Postoperative Complications Clinical Trial
Official title:
The Effect of Endobronchial Intubation of Double-lumen Tube on Post-operative Sore Throat, Hoarseness and Airway Injuries: A Comparison Between Conventional and Fiberoptic Bronchoscope-guided Intubation
Double lumen tube (DLT) needs to be intubated to isolate ventilations of left and right lungs
for thoracic surgery. Post-operative sore throat and hoarseness are more frequent with DLT
intubation than with single one. Which is may because DLT is relatively thicker, harder,
sideway curved and therefore more likely to damage the vocal cord or trachea during
intubation, and advanced deeper to the carina and main bronchus level. In the conventional
method of intubation, DLT is rotated 90 degrees and advanced blindly to the main bronchus
level after DLT is intubated through vocal cord using the direct laryngoscopy. After the
blind advancement, the sufficient tube position needs to be gained and confirmed with the
fiberoptic bronchoscope. In the bronchoscope guide method, after DLT is intubated through
vocal cord using the direct laryngoscopy, the pathway into the targeted main bronchus is
secured using the fiberoptic bronchoscope which is passed through a bronchial lumen of DLT.

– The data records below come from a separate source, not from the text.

(* In a 2-matching of T^l the ordinary edges form a forest of maximum degree 2, that is, a
   disjoint union of paths, and no vertex carrying a loop lies on them. Counting vertices, n - 1
   edges leave room for at most one such path, with loops at all other vertices. Minimality then
   says that the vertex set of the path cannot be enlarged to that of another path; since paths
   in a tree are unique, this happens exactly when both ends are leaves. A matching consisting of
   loops only is never minimal: a single edge with loops off it has fewer loops. *)

section \<open>Paths\<close>

lemma is_path_rev: "is_path E p \<Longrightarrow> is_path E (rev p)"
  unfolding is_path_def
proof (intro conjI allI impI)
  fix i assume p: "p \<noteq> [] \<and> distinct p \<and> (\<forall>i. Suc i < length p \<longrightarrow> {p ! i, p ! Suc i} \<in> E)"
    and i: "Suc i < length (rev p)"
  then have "{p ! (length p - Suc (Suc i)), p ! Suc (length p - Suc (Suc i))} \<in> E" by simp
  moreover have "Suc (length p - Suc (Suc i)) = length p - Suc i" using i by simp
  ultimately show "{rev p ! i, rev p ! Suc i} \<in> E" using i by (simp add: rev_nth insert_commute)
qed auto

lemma path_edges_rev: "path_edges (rev p) = path_edges p"
proof -
  have "path_edges (rev p) \<subseteq> path_edges p" for p :: "'a list"
  proof
    fix e assume "e \<in> path_edges (rev p)"
    then obtain i where i: "Suc i < length p" "e = {rev p ! i, rev p ! Suc i}"
      unfolding path_edges_def by auto
    define j where "j = length p - Suc (Suc i)"
    have "Suc j < length p" "Suc j = length p - Suc i" using i by (auto simp: j_def)
    then have "e = {p ! j, p ! Suc j}" using i by (simp add: rev_nth insert_commute j_def)
    with \<open>Suc j < length p\<close> show "e \<in> path_edges p" unfolding path_edges_def by blast
  qed
  from this[of p] this[of "rev p"] show ?thesis by auto
qed

lemma path_edge_nth: "Suc i < length p \<Longrightarrow> {p ! i, p ! Suc i} \<in> path_edges p"
  unfolding path_edges_def by blast

lemma path_edges_subset: "is_path E p \<Longrightarrow> path_edges p \<subseteq> E"
  unfolding is_path_def path_edges_def by auto

lemma card_path_edge: "distinct p \<Longrightarrow> e \<in> path_edges p \<Longrightarrow> card e = 2"
  unfolding path_edges_def by (auto simp: nth_eq_iff_index_eq)

lemma path_edges_avoid: "w \<notin> set p \<Longrightarrow> e \<in> path_edges p \<Longrightarrow> w \<notin> e"
  unfolding path_edges_def by auto

lemma path_edges_eq_image: "path_edges p = (\<lambda>i. {p ! i, p ! Suc i}) ` {..<length p - 1}"
  unfolding path_edges_def by auto

lemma finite_path_edges: "finite (path_edges p)"
  by (simp add: path_edges_eq_image)

lemma card_path_edges:
  assumes "distinct p" shows "card (path_edges p) = length p - 1"
proof -
  have "inj_on (\<lambda>i. {p ! i, p ! Suc i}) {..<length p - 1}"
  proof (rule inj_onI)
    fix i j assume ij: "i \<in> {..<length p - 1}" "j \<in> {..<length p - 1}"
      "{p ! i, p ! Suc i} = {p ! j, p ! Suc j}"
    then have "p ! i = p ! j \<or> p ! i = p ! Suc j" "p ! Suc i = p ! j \<or> p ! Suc i = p ! Suc j"
      by auto
    then show "i = j" using ij assms by (auto simp: nth_eq_iff_index_eq)
  qed
  then show ?thesis by (simp add: path_edges_eq_image card_image)
qed

lemma is_path_Cons:
  assumes "p \<noteq> []"
  shows "is_path E (x # p) \<longleftrightarrow> x \<notin> set p \<and> {x, hd p} \<in> E \<and> is_path E p"
  using assms
  by (auto simp: is_path_def hd_conv_nth nth_Cons split: nat.splits)

lemma is_path_pair: "a \<noteq> b \<Longrightarrow> {a, b} \<in> E \<Longrightarrow> is_path E [a, b]"
  by (auto simp: is_path_def less_Suc_eq)

lemma is_path_mono: "is_path F p \<Longrightarrow> F \<subseteq> E \<Longrightarrow> is_path E p"
  unfolding is_path_def by blast

lemma two_le_length_path_iff: "is_path E p \<Longrightarrow> 2 \<le> length p \<longleftrightarrow> hd p \<noteq> last p"
  by (cases p; cases "tl p") (auto simp: is_path_def)

lemma Union_path_edges: "2 \<le> length p \<Longrightarrow> \<Union>(path_edges p) = set p"
proof (intro equalityI subsetI)
  fix x assume "x \<in> set p" "2 \<le> length p"
  then obtain k where k: "k < length p" "x = p ! k" by (auto simp: in_set_conv_nth)
  have "Suc k < length p \<or> Suc (k - 1) = k \<and> Suc (k - 1) < length p"
    using \<open>2 \<le> length p\<close> k by auto
  then show "x \<in> \<Union>(path_edges p)" using k path_edge_nth by (metis UnionI insertCI)
qed (auto simp: path_edges_def)

lemma path_vertex_cases:
  assumes "w \<in> set p"
  obtains "w = hd p" | "w = last p" | k where "0 < k" "Suc k < length p" "w = p ! k"
proof -
  obtain k where k: "k < length p" "w = p ! k" using assms by (auto simp: in_set_conv_nth)
  then have "p \<noteq> []" by auto
  consider "k = 0" | "k = length p - 1" | "0 < k" "Suc k < length p" using k by linarith
  then show thesis using k that \<open>p \<noteq> []\<close> by cases (auto simp: hd_conv_nth last_conv_nth)
qed

lemma inner_path_edges:
  assumes "distinct p" "0 < k" "Suc k < length p"
  shows "{p ! (k - 1), p ! k} \<in> path_edges p" "{p ! k, p ! Suc k} \<in> path_edges p"
    "{p ! (k - 1), p ! k} \<noteq> {p ! k, p ! Suc k}"
proof -
  show "{p ! (k - 1), p ! k} \<in> path_edges p" using path_edge_nth[of "k - 1" p] assms by simp
  show "{p ! k, p ! Suc k} \<in> path_edges p" using path_edge_nth[of k p] assms by simp
  have "p ! (k - 1) \<noteq> p ! k" "p ! (k - 1) \<noteq> p ! Suc k"
    using assms by (simp_all add: nth_eq_iff_index_eq)
  then show "{p ! (k - 1), p ! k} \<noteq> {p ! k, p ! Suc k}" by (metis insertCI insertE singletonD)
qed

lemma card_path_edges_at_vertex:
  assumes "distinct p" shows "card {e \<in> path_edges p. w \<in> e} \<le> 2"
proof (cases "w \<in> set p")
  case False
  then have "{e \<in> path_edges p. w \<in> e} = {}" using path_edges_avoid[of w p] by blast
  then show ?thesis by (metis card.empty zero_le)
next
  case True
  then obtain k where k: "k < length p" "w = p ! k" by (auto simp: in_set_conv_nth)
  have "{e \<in> path_edges p. w \<in> e} \<subseteq> {{p ! (k - 1), p ! k}, {p ! k, p ! Suc k}}"
  proof
    fix e assume "e \<in> {e \<in> path_edges p. w \<in> e}"
    then obtain i where i: "Suc i < length p" "e = {p ! i, p ! Suc i}" "w \<in> e"
      unfolding path_edges_def by auto
    then have "i = k \<or> Suc i = k" using k assms by (auto simp: nth_eq_iff_index_eq)
    then show "e \<in> {{p ! (k - 1), p ! k}, {p ! k, p ! Suc k}}" using i by auto
  qed
  then have "card {e \<in> path_edges p. w \<in> e} \<le> card {{p ! (k - 1), p ! k}, {p ! k, p ! Suc k}}"
    by (rule card_mono[rotated]) simp
  also have "\<dots> \<le> 2" by (simp add: card_insert_if)
  finally show ?thesis .
qed

section \<open>Acyclic graphs\<close>

lemma acyclic_mono: "acyclic_graph E \<Longrightarrow> F \<subseteq> E \<Longrightarrow> acyclic_graph F"
  unfolding acyclic_graph_def using is_path_mono by blast

lemma acyclic_no_chord:
  assumes "acyclic_graph E" "is_path E p" "2 \<le> j" "j < length p" "{hd p, p ! j} \<in> E"
  shows False
proof -
  let ?c = "take (Suc j) p"
  have "is_path E ?c" using assms(2,4) unfolding is_path_def by auto
  moreover have "3 \<le> length ?c" using assms(3,4) by simp
  moreover have "last ?c = p ! j" using assms(4) by (simp add: take_Suc_conv_app_nth)
  moreover have "hd ?c = hd p" using assms(4) by (cases p) auto
  ultimately show False using assms(1,5) unfolding acyclic_graph_def by (metis insert_commute)
qed

lemma acyclic_no_diverging_paths:
  assumes "acyclic_graph E" "is_path E (a # p)" "is_path E (a # q)" "p \<noteq> []" "q \<noteq> []"
    "last p = last q" "hd p \<noteq> hd q"
  shows False
  using assms(2-7)
proof (induction q arbitrary: a p)
  case Nil then show ?case by simp
next
  case (Cons c q)
  have ac: "{a, c} \<in> E" using Cons.prems(2) is_path_Cons[of "c # q" E a] by simp
  show ?case
  proof (cases "c \<in> set p")
    case True
    then obtain i where i: "i < length p" "c = p ! i" by (auto simp: in_set_conv_nth)
    have "i \<noteq> 0" using i Cons.prems(3,6) by (cases p; cases i) auto
    then show False using acyclic_no_chord[OF assms(1) Cons.prems(1), of "Suc i"] i ac by auto
  next
    case False
    have "q \<noteq> []" using False Cons.prems(3,5) by auto
    have "is_path E (c # a # p)"
      using is_path_Cons[of "a # p" E c] Cons.prems(1,2) False ac by (auto simp: is_path_def insert_commute)
    moreover have "is_path E (c # q)" using is_path_Cons[of "c # q" E a] Cons.prems(2) by simp
    moreover have "a \<noteq> hd q" using Cons.prems(2) \<open>q \<noteq> []\<close> by (cases q) (auto simp: is_path_def)
    ultimately show False using Cons.IH[of c "a # p"] Cons.prems(3,5) \<open>q \<noteq> []\<close> by simp
  qed
qed

lemma acyclic_path_unique:
  assumes "acyclic_graph E" "is_path E p" "is_path E q" "hd p = hd q" "last p = last q"
  shows "p = q"
  using assms(2-5)
proof (induction p arbitrary: q)
  case Nil then show ?case by (simp add: is_path_def)
next
  case (Cons a p)
  obtain q' where q: "q = a # q'"
    using Cons.prems(2,3) by (cases q) (simp_all add: is_path_def)
  consider "p = []" | "q' = []" | "p \<noteq> []" "q' \<noteq> []" by blast
  then show ?case
  proof cases
    case 1
    then have "hd q = last q" using Cons.prems(3,4) by simp
    then have "\<not> 2 \<le> length q" using two_le_length_path_iff[OF Cons.prems(2)] by simp
    then show ?thesis using 1 q by (cases q') auto
  next
    case 2
    then have "hd (a # p) = last (a # p)" using Cons.prems(3,4) q by simp
    then have "\<not> 2 \<le> length (a # p)" using two_le_length_path_iff[OF Cons.prems(1)] by simp
    then show ?thesis using 2 q by (cases p) auto
  next
    case 3
    have "is_path E p" using is_path_Cons[of p E a] Cons.prems(1) 3 by simp
    moreover have "is_path E q'" using is_path_Cons[of q' E a] Cons.prems(2) q 3 by simp
    moreover have last_eq: "last p = last q'" using Cons.prems(4) q 3 by simp
    moreover have "hd p = hd q'"
      using acyclic_no_diverging_paths[OF assms(1) Cons.prems(1), of q'] Cons.prems(2) q 3 last_eq
      by blast
    ultimately show ?thesis using Cons.IH[of q'] q by simp
  qed
qed

lemma leaf_in_path_is_end:
  assumes "is_leaf V E u" "is_path E p" "u \<in> set p"
  shows "u = hd p \<or> u = last p"
proof (rule ccontr)
  assume "\<not> (u = hd p \<or> u = last p)"
  then obtain k where k: "0 < k" "Suc k < length p" "u = p ! k"
    using path_vertex_cases[OF assms(3)] by metis
  have "distinct p" using assms(2) by (simp add: is_path_def)
  note edges = inner_path_edges[OF this k(1,2)]
  have "{p ! (k - 1), p ! k} \<in> {e \<in> E. u \<in> e}" "{p ! k, p ! Suc k} \<in> {e \<in> E. u \<in> e}"
    using edges(1,2) path_edges_subset[OF assms(2)] k(3) by auto
  moreover have "card {e \<in> E. u \<in> e} = 1" using assms(1) by (simp add: is_leaf_def)
  ultimately show False using edges(3) by (metis card_1_singletonE singletonD)
qed

section \<open>Longest paths and forests\<close>

definition longest_path :: "'a set set \<Rightarrow> 'a list \<Rightarrow> bool" where
  "longest_path F p \<longleftrightarrow> is_path F p \<and> 2 \<le> length p \<and>
     (\<forall>q. is_path F q \<and> 2 \<le> length q \<longrightarrow> length q \<le> length p)"

lemma longest_path_rev: "longest_path F p \<Longrightarrow> longest_path F (rev p)"
  unfolding longest_path_def by (metis is_path_rev length_rev)

lemma longest_pathD:
  assumes "longest_path F p"
  shows "is_path F p" "2 \<le> length p" "is_path F q \<Longrightarrow> 2 \<le> length q \<Longrightarrow> length q \<le> length p"
  using assms by (simp_all add: longest_path_def)

lemma ex_longest_path:
  assumes "is_path F p0" "2 \<le> length p0" "finite (\<Union>F)"
  obtains p where "longest_path F p"
proof -
  let ?P = "\<lambda>l. \<exists>p. is_path F p \<and> 2 \<le> length p \<and> length p = l"
  have "length p \<le> card (\<Union>F)" if "is_path F p" "2 \<le> length p" for p
  proof -
    have "length p = card (\<Union>(path_edges p))"
      using that by (simp add: Union_path_edges distinct_card is_path_def)
    also have "\<dots> \<le> card (\<Union>F)"
      using assms(3) path_edges_subset[OF that(1)] by (simp add: Union_mono card_mono)
    finally show ?thesis .
  qed
  then have bounded: "\<forall>l. ?P l \<longrightarrow> l \<le> card (\<Union>F)" by blast
  have "?P (length p0)" using assms(1,2) by blast
  then obtain l where "?P l" and greatest: "\<forall>l'. ?P l' \<longrightarrow> l' \<le> l"
    using Nat.ex_has_greatest_nat[OF _ bounded] by blast
  then obtain p where p: "is_path F p" "2 \<le> length p" "length p = l" by blast
  have "longest_path F p" unfolding longest_path_def using p greatest by auto
  then show thesis by (rule that)
qed
lemma lie_gen_sum:
  "finite A \<Longrightarrow> (\<And>T. T \<in> A \<Longrightarrow> L T \<in> lie_gen n) \<Longrightarrow> (\<lambda>w. \<Sum>T\<in>A. c T * L T w) \<in> lie_gen n"
proof (induction A rule: finite_induct)
  case empty then show ?case by (simp add: lie_gen.zero)
next
  case (insert x F)
  then show ?case by (simp add: lie_gen.add lie_gen.smult)
qed

section \<open>Admissible letter sets\<close>

text \<open>This is the condition on \<open>\<tau>\<close> of the theorem, read from the right: the letters
  \<open>h (\<tau> (m-1)), h (\<tau> (m-2)), \<dots>\<close> are inserted one at a time
  (see \<open>chain_condition_iff_admissible\<close>).\<close>

inductive admissible :: "(nat \<Rightarrow> nat \<Rightarrow> 'a::field) \<Rightarrow> nat set \<Rightarrow> bool" for q where
  singleton: "admissible q {x}"
| insert: "x \<notin> S \<Longrightarrow> admissible q S \<Longrightarrow> (\<Prod>y\<in>S. q x y) \<noteq> 1 \<Longrightarrow> admissible q (insert x S)"

lemma admissible_finite_nonempty: "admissible q S \<Longrightarrow> finite S \<and> S \<noteq> {}"
  by (induction rule: admissible.induct) auto

definition q_prod :: "(nat \<Rightarrow> nat \<Rightarrow> 'a::field) \<Rightarrow> nat set \<Rightarrow> nat set \<Rightarrow> 'a" where
  "q_prod q A B = (\<Prod>x\<in>A. \<Prod>y\<in>B. q x y)"

context symmetric_braiding begin

lemma upper_q_prod_swap:
  assumes "A \<inter> B = {}" "A \<subseteq> {..<n}" "B \<subseteq> {..<n}"
  shows "upper_q_prod q A B = q_prod q A B * upper_q_prod q B A"
proof -
  have "upper_q_prod q A B = (\<Prod>x\<in>A. \<Prod>y\<in>B. q x y * upper_q q y x)"
    unfolding upper_q_prod_def using assms by (intro prod.cong refl upper_q_swap) auto
  also have "\<dots> = q_prod q A B * (\<Prod>x\<in>A. \<Prod>y\<in>B. upper_q q y x)"
    unfolding q_prod_def by (simp add: prod.distrib)
  also have "(\<Prod>x\<in>A. \<Prod>y\<in>B. upper_q q y x) = upper_q_prod q B A"
    unfolding upper_q_prod_def by (rule prod.swap)
  finally show ?thesis .
qed

lemma upper_q_prod_nonzero:
  assumes "A \<subseteq> {..<n}" "B \<subseteq> {..<n}"
  shows "upper_q_prod q A B \<noteq> 0"
  using assms finite_subset[OF assms(1)] finite_subset[OF assms(2)]
  unfolding upper_q_prod_def by (auto simp: prod_zero_iff upper_q_nonzero subset_iff)

lemma upper_q_prod_diff:
  assumes "A \<inter> B = {}" "A \<subseteq> {..<n}" "B \<subseteq> {..<n}"
  shows "upper_q_prod q A B - upper_q_prod q B A = (q_prod q A B - 1) * upper_q_prod q B A"
  using upper_q_prod_swap[OF assms] by (simp add: algebra_simps)

lemma prod_q_inverse:
  assumes "a \<notin> A" "insert a A \<subseteq> {..<n}"
  shows "(\<Prod>x\<in>A. q x a) * (\<Prod>x\<in>A. q a x) = 1"
  unfolding prod.distrib[symmetric] using assms q_inverse
  by (intro prod.neutral) (auto simp: subset_iff)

And then DLT can be advanced through the guide of the bronchoscope. In this study, we intend
to compare post-operative sore throat, hoarseness and airway injury between the two methods.
We hypothesize that the bronchoscope guide method can reduce the post-operative complications
and airway injury because surrounding tissues of the airway can be less irritated by DLT
intubation in the guide method than in a conventional.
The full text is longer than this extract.